Qmd Query Expansion 1.7B GGUF requires at least 1.1 GB at Q4_K_M, which exceeds the unified memory of most consumer Macs. You would need a Mac Studio or Mac Pro with a high-memory configuration.

Can I run Qmd Query Expansion 1.7B GGUF locally?

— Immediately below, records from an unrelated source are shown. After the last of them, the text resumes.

lemma spin_nabla_spinor:
  assumes g: "g \<in> S3" and X: "X \<bullet> g = 0"
  shows "spin_nabla (spinor_of V \<alpha>) g X
     = nabla_model (\<alpha> g) (vc V g) (mc V 0 g) (mc V 1 g) (mc V 2 g) (wc \<alpha> g) (snd (qmul (qconj g) X))"
proof -
  have gg: "g \<bullet> g = 1" using g S3_iff by blast
  define x where "x = snd (qmul (qconj g) X)"
  have Xd: "X = qmul g (0, x)" using tangent_imag[OF gg X] x_def by simp
  have cx: "qmul (qconj g) X = (0, x)" using Xd unit_cancel_left[OF gg] by simp
  have dd: "dderiv (spinor_of V \<alpha>) g X
      = qmul (qconj g) (dderiv V g X) + qmul (qconj X) (V g) + dderiv \<alpha> g X *\<^sub>R qone"
    unfolding dderiv_def by (simp add: frechet_derivative_at[OF has_derivative_spinor, symmetric] dderiv_def)
  have cXV: "qmul (qconj X) (V g) = qmul (0, -x) (0, vc V g)"
  proof -
    have "qconj X = qmul (0, -x) (qconj g)" unfolding Xd qconj_qmul by (simp add: qconj_def)
    then show ?thesis by (simp add: qmul_assoc qconj_V[OF g])
  qed
  show ?thesis
    unfolding spin_nabla_frame[OF g X] dd cXV dderiv_V_frame[OF g X] dderiv_\<alpha>_frame[OF g X]
      spinor_coords[OF g] x_def[symmetric] cx
    by (simp add: nabla_model_def qone_def inner_commute)
qed

lemma unit_norm_derivative:
  assumes unit: "\<forall>g\<in>S3. (\<alpha> g)\<^sup>2 + (norm (V g))\<^sup>2 = 1" and g: "g \<in> S3"
  shows "mat3T (mc V 0 g) (mc V 1 g) (mc V 2 g) (vc V g) + \<alpha> g *\<^sub>R wc \<alpha> g = 0"
proof -
  have gg: "g \<bullet> g = 1" using g S3_iff by blast
  define N where "N y = \<alpha> y * \<alpha> y + V y \<bullet> V y" for y
  have hd: "(N has_derivative (\<lambda>h. (\<alpha> g * dderiv \<alpha> g h + dderiv \<alpha> g h * \<alpha> g)
      + (V g \<bullet> dderiv V g h + dderiv V g h \<bullet> V g))) (at g)"
    unfolding N_def[abs_def]
    by (intro has_derivative_add has_derivative_mult has_derivative_inner has_derivative_V has_derivative_\<alpha>)
  have "\<forall>y\<in>S3. N y = 1" using unit by (simp add: N_def dot_square_norm power2_eq_square)
  then have const: "\<forall>y\<in>S3. dist y g < 1 \<longrightarrow> N y = N g" using g by auto
  have "\<alpha> g * dderiv \<alpha> g (Efr a g) + mc V a g \<bullet> vc V g = 0" for a
  proof -
    have "frechet_derivative N (at g) (Efr a g) = 0"
      using deriv_locally_constant_on_S3[OF g Efr_tangent[OF gg] _ zero_less_one const] hd
        differentiableI by blast
    then have "\<alpha> g * dderiv \<alpha> g (Efr a g) + V g \<bullet> dderiv V g (Efr a g) = 0"
      unfolding frechet_derivative_at[OF hd, symmetric] by (simp add: inner_commute)
    moreover have "V g \<bullet> dderiv V g (Efr a g) = mc V a g \<bullet> vc V g"
    proof -
      have "V g \<bullet> dderiv V g (Efr a g) = qmul g (0, vc V g) \<bullet> qmul g (qmul (qconj g) (dderiv V g (Efr a g)))"
        unfolding unit_cancel_right[OF gg] V_frame[OF g, symmetric] ..
      also have "\<dots> = (0, vc V g) \<bullet> (- (vc V g \<bullet> ax a), mc V a g)"
        unfolding inner_qmul_left gg dderiv_V_Efr[OF g] by simp
      finally show ?thesis by (simp add: inner_prod_def inner_commute)
    qed
    ultimately show ?thesis by simp
  qed
  from this[of 0] this[of 1] this[of 2] show ?thesis
    by (simp add: mat3T_def wc_def vec_eq_iff forall_3 algebra_simps)
qed

section \<open>Generalized Killing spinors and the obstruction\<close>

lemma A_cand_translate:
  "g \<in> S3 \<Longrightarrow> A_cand V \<alpha> g (qmul g (0, x))
     = qmul g (0, endo_model (\<alpha> g) (vc V g) (mc V 0 g) (mc V 1 g) (mc V 2 g) (wc \<alpha> g) x)"
  by (simp add: A_cand_def unit_cancel_left S3_iff)

lemma linear_A_cand: "linear (A_cand V \<alpha> g)"
proof -
  have "A_cand V \<alpha> g = qmul g \<circ> (\<lambda>z. (0, z))
      \<circ> endo_model (\<alpha> g) (vc V g) (mc V 0 g) (mc V 1 g) (mc V 2 g) (wc \<alpha> g) \<circ> snd \<circ> qmul (qconj g)"
    by (simp add: A_cand_def fun_eq_iff)
  moreover have "linear (\<lambda>z::real^3. (0::real, z))" "linear (snd :: quat \<Rightarrow> real^3)"
    by (simp_all add: linear_iff prod_eq_iff)
  ultimately show ?thesis by (simp only: linear_compose linear_qmul_left linear_endo_model)
qed

lemma tangent_A_cand: "g \<in> S3 \<Longrightarrow> tangent g (A_cand V \<alpha> g X)"
  by (simp add: A_cand_def tangent_def inner_qmul_unit S3_iff)

lemma A_cand_symmetric_iff:
  assumes g: "g \<in> S3"
  shows "(\<forall>X Y. tangent g X \<longrightarrow> tangent g Y \<longrightarrow> A_cand V \<alpha> g X \<bullet> Y = X \<bullet> A_cand V \<alpha> g Y)
    \<longleftrightarrow> Q V \<alpha> g = 0"
proof -
  have gg: "g \<bullet> g = 1" using g S3_iff by blast
  have "(\<forall>X Y. tangent g X \<longrightarrow> tangent g Y \<longrightarrow> A_cand V \<alpha> g X \<bullet> Y = X \<bullet> A_cand V \<alpha> g Y)
    \<longleftrightarrow> (\<forall>x y. A_cand V \<alpha> g (qmul g (0, x)) \<bullet> qmul g (0, y) = qmul g (0, x) \<bullet> A_cand V \<alpha> g (qmul g (0, y)))"
    unfolding tangent_iff_translate[OF gg] by blast
  also have "\<dots> \<longleftrightarrow> (\<forall>x y. endo_model (\<alpha> g) (vc V g) (mc V 0 g) (mc V 1 g) (mc V 2 g) (wc \<alpha> g) x \<bullet> y
      = x \<bullet> endo_model (\<alpha> g) (vc V g) (mc V 0 g) (mc V 1 g) (mc V 2 g) (wc \<alpha> g) y)"
    by (simp only: A_cand_translate[OF g] inner_translate[OF gg])
  also have "\<dots> \<longleftrightarrow> Q V \<alpha> g = 0" unfolding Q_def endo_model_symmetric_iff ..
  finally show ?thesis .
qed

text \<open>Once |Psi| = 1 (and hence d|Psi|^2 = 0), the candidate solves the Killing equation ...\<close>
lemma A_cand_solves:
  assumes unit: "\<forall>g\<in>S3. (\<alpha> g)\<^sup>2 + (norm (V g))\<^sup>2 = 1" and g: "g \<in> S3" and X: "X \<bullet> g = 0"
  shows "spin_nabla (spinor_of V \<alpha>) g X = cliff g (A_cand V \<alpha> g X) (spinor_of V \<alpha> g)"
proof -
  have gg: "g \<bullet> g = 1" using g S3_iff by blast
  have unit_g: "(\<alpha> g)\<^sup>2 + vc V g \<bullet> vc V g = 1" using unit g unit_coords by blast
  show ?thesis
    using endo_model_solves[OF unit_g unit_norm_derivative[OF unit g]]
    by (simp add: spin_nabla_spinor[OF g X] spinor_coords[OF g] A_cand_def cliff_def
        unit_cancel_left[OF gg])
qed

text \<open>... and it is the only endomorphism that does, because a unit quaternion is invertible.\<close>
lemma A_cand_unique:
  assumes unit_g: "(\<alpha> g)\<^sup>2 + (norm (V g))\<^sup>2 = 1" and g: "g \<in> S3"
    and X: "tangent g X" and Y: "tangent g Y"
    and spin: "spin_nabla (spinor_of V \<alpha>) g X = cliff g Y (spinor_of V \<alpha> g)"
  shows "Y = A_cand V \<alpha> g X"
proof -
  have gg: "g \<bullet> g = 1" using g S3_iff by blast
  obtain x y where x: "X = qmul g (0, x)" and y: "Y = qmul g (0, y)"
    using X Y tangent_iff_translate[OF gg] by blast
  have "endo_model (\<alpha> g) (vc V g) (mc V 0 g) (mc V 1 g) (mc V 2 g) (wc \<alpha> g) x = y"
  proof (rule endo_model_unique)
    show "(\<alpha> g)\<^sup>2 + vc V g \<bullet> vc V g = 1" using unit_g unit_coords[OF g] by blast
    have "X \<bullet> g = 0" using X by (simp add: tangent_def)
    then show "nabla_model (\<alpha> g) (vc V g) (mc V 0 g) (mc V 1 g) (mc V 2 g) (wc \<alpha> g) x = qmul (0, y) (\<alpha> g, vc V g)"
      using spin spin_nabla_spinor[OF g]
      by (simp add: x y spinor_coords[OF g] cliff_def unit_cancel_left[OF gg])
  qed
  then show ?thesis by (simp add: x y A_cand_translate[OF g])
qed

lemma killing_iff_obstruction_zero:
  assumes unit: "\<forall>g\<in>S3. (\<alpha> g)\<^sup>2 + (norm (V g))\<^sup>2 = 1"
  shows "gen_killing (spinor_of V \<alpha>) \<longleftrightarrow> (\<forall>g\<in>S3. Q V \<alpha> g = 0)"
proof
  assume "gen_killing (spinor_of V \<alpha>)"
  then obtain A where A: "\<forall>g\<in>S3. linear (A g) \<and> (\<forall>X. tangent g X \<longrightarrow> tangent g (A g X))
    \<and> (\<forall>X Y. tangent g X \<longrightarrow> tangent g Y \<longrightarrow> A g X \<bullet> Y = X \<bullet> A g Y)
    \<and> (\<forall>X. tangent g X \<longrightarrow> spin_nabla (spinor_of V \<alpha>) g X = cliff g (A g X) (spinor_of V \<alpha> g))"
    unfolding gen_killing_def by blast
  show "\<forall>g\<in>S3. Q V \<alpha> g = 0"
  proof
    fix g assume g: "g \<in> S3"
    have "A g X = A_cand V \<alpha> g X" if "tangent g X" for X
      using A_cand_unique[OF _ g that] A unit g that by blast
    then have "\<forall>X Y. tangent g X \<longrightarrow> tangent g Y \<longrightarrow> A_cand V \<alpha> g X \<bullet> Y = X \<bullet> A_cand V \<alpha> g Y"
      using A g by auto
    then show "Q V \<alpha> g = 0" using A_cand_symmetric_iff[OF g] by blast
  qed
next
  assume "\<forall>g\<in>S3. Q V \<alpha> g = 0"
  then show "gen_killing (spinor_of V \<alpha>)"
    unfolding gen_killing_def
    using linear_A_cand tangent_A_cand A_cand_symmetric_iff A_cand_solves[OF unit]
    by (intro exI[of _ "A_cand V \<alpha>"]) (auto simp: tangent_def)
qed

lemma continuous_on_Q: "continuous_on UNIV (Q V \<alpha>)"
proof -
  have cV: "continuous_on UNIV (vc V)"
    unfolding vc_def[abs_def]
    by (intro continuous_intros continuous_on_qmul continuous_on_qconj smooth_continuous_on[OF smooth_V])
  have cm: "continuous_on UNIV (mc V a)" for a
    unfolding mc_def[abs_def] dderiv_def
    by (intro continuous_intros continuous_on_qmul continuous_on_qconj
        continuous_on_smooth_deriv[OF smooth_V] continuous_on_Efr)
  have cw: "continuous_on UNIV (wc \<alpha>)"
    unfolding wc_def[abs_def] dderiv_def vector3_eq
    by (intro continuous_intros continuous_on_smooth_deriv[OF smooth_\<alpha>] continuous_on_Efr)
  show ?thesis
    unfolding Q_def[abs_def] obstruction_def skew3_def trace3_def mat3_def vector3_eq
    by (intro continuous_intros continuous_on_cross cV cm cw smooth_continuous_on[OF smooth_\<alpha>])
qed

Yes — Qmd Query Expansion 1.7B GGUF can run locally on consumer hardware. At Q4_K_M quantization it needs 1.1 GB of VRAM. Popular tools include Ollama, LM Studio, and llama.cpp.

How fast is Qmd Query Expansion 1.7B GGUF?

At Q4_K_M, Qmd Query Expansion 1.7B GGUF can reach ~2603 tok/s on AMD Instinct MI300X. On NVIDIA GeForce RTX 4090: ~585 tok/s. Speed depends mainly on GPU memory bandwidth. Real-world results typically within ±20%.

tok/s = (bandwidth GB/s ÷ model GB) × efficiency

Example: AMD Instinct MI300X5300 ÷ 1.1 × 0.55 = ~2603 tok/s

Estimated speed at Q4_K_M (1.1 GB)

~2603 tok/s
~585 tok/s
~1945 tok/s
~1609 tok/s

Real-world results typically within ±20%. Speed depends on batch size, quantization kernel, and software stack.

Learn more about tok/s estimation →

What's the download size of Qmd Query Expansion 1.7B GGUF?

At Q4_K_M, the download is about 1.02 GB. The full-precision Q8_0 version is 1.70 GB.